• Exercise brief:
Retype the full set of data, character for character.

Dataset entries:
.....
(* For $d>0$ let $\beta_d:\mathbb{R}\setminus 2\pi\mathbb{Z}\to\mathbb{R}$ be the function \[ \beta_{d}(s) = -\frac{s}{d} + \frac{\pi}{d}\coth\Big(\frac{\pi s}{2d}\Big) + \frac{\pi}{d} \sum_{n=1}^{\infty} \frac{2\sinh(\frac{\pi s}{d})}{\cosh(\frac{\pi s}{d})-\cosh(\frac{2\pi^2 n}{d})}. \] Equivalently, writing $x=\pi^2/(2d)$, \[ \pi\beta_d(\pi/2) = 2x\coth(x/2) - x - 4x\sinh(x)\sum_{n=1}^\infty \frac{1}{\cosh(4nx)-\cosh(x)}. \] Then \[ \beta_d(\pi/2)\ \ge\ 1 \qquad\text{for all } d\in(0,\infty). \]
   Context: The function $\beta_d$ is the kernel of the periodic Hilbert transform $\mathcal{C}_d$ on the strip $\{(x,y)\in\mathbb{R}^2: -d<y<0\}$: for a smooth $2\pi$-periodic mean-zero $F:\mathbb{R}\to\mathbb{R}$, $(\mathcal{C}_d F)(x)=\frac{1}{2\pi}\,\mathrm{PV}\int_{-\pi}^{\pi}\beta_d(x-s)F(s)\,ds$, where $\mathcal{C}_d$ maps $\sum_{n\ge1}(a_n\cos nx+b_n\sin nx)$ to $\sum_{n\ge1}(a_n\coth(nd)\sin nx - b_n\coth(nd)\cos nx)$. This interpretation is background only; the claim concerns the explicit formula for $\beta_d$. *)

theory Defs
  imports "HOL-Analysis.Analysis"
begin

definition coth :: "real \<Rightarrow> real" where
  "coth t = cosh t / sinh t"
.....
• Response for this exercise:
(* For $d>0$ let $\beta_d:\mathbb{R}\setminus 2\pi\mathbb{Z}\to\mathbb{R}$ be the function \[ \beta_{d}(s) = -\frac{s}{d} + \frac{\pi}{d}\coth\Big(\frac{\pi s}{2d}\Big) + \frac{\pi}{d} \sum_{n=1}^{\infty} \frac{2\sinh(\frac{\pi s}{d})}{\cosh(\frac{\pi s}{d})-\cosh(\frac{2\pi^2 n}{d})}. \] Equivalently, writing $x=\pi^2/(2d)$, \[ \pi\beta_d(\pi/2) = 2x\coth(x/2) - x - 4x\sinh(x)\sum_{n=1}^\infty \frac{1}{\cosh(4nx)-\cosh(x)}. \] Then \[ \beta_d(\pi/2)\ \ge\ 1 \qquad\text{for all } d\in(0,\infty). \]
   Context: The function $\beta_d$ is the kernel of the periodic Hilbert transform $\mathcal{C}_d$ on the strip $\{(x,y)\in\mathbb{R}^2: -d<y<0\}$: for a smooth $2\pi$-periodic mean-zero $F:\mathbb{R}\to\mathbb{R}$, $(\mathcal{C}_d F)(x)=\frac{1}{2\pi}\,\mathrm{PV}\int_{-\pi}^{\pi}\beta_d(x-s)F(s)\,ds$, where $\mathcal{C}_d$ maps $\sum_{n\ge1}(a_n\cos nx+b_n\sin nx)$ to $\sum_{n\ge1}(a_n\coth(nd)\sin nx - b_n\coth(nd)\cos nx)$. This interpretation is background only; the claim concerns the explicit formula for $\beta_d$. *)

theory Defs
  imports "HOL-Analysis.Analysis"
begin

definition coth :: "real \<Rightarrow> real" where
  "coth t = cosh t / sinh t"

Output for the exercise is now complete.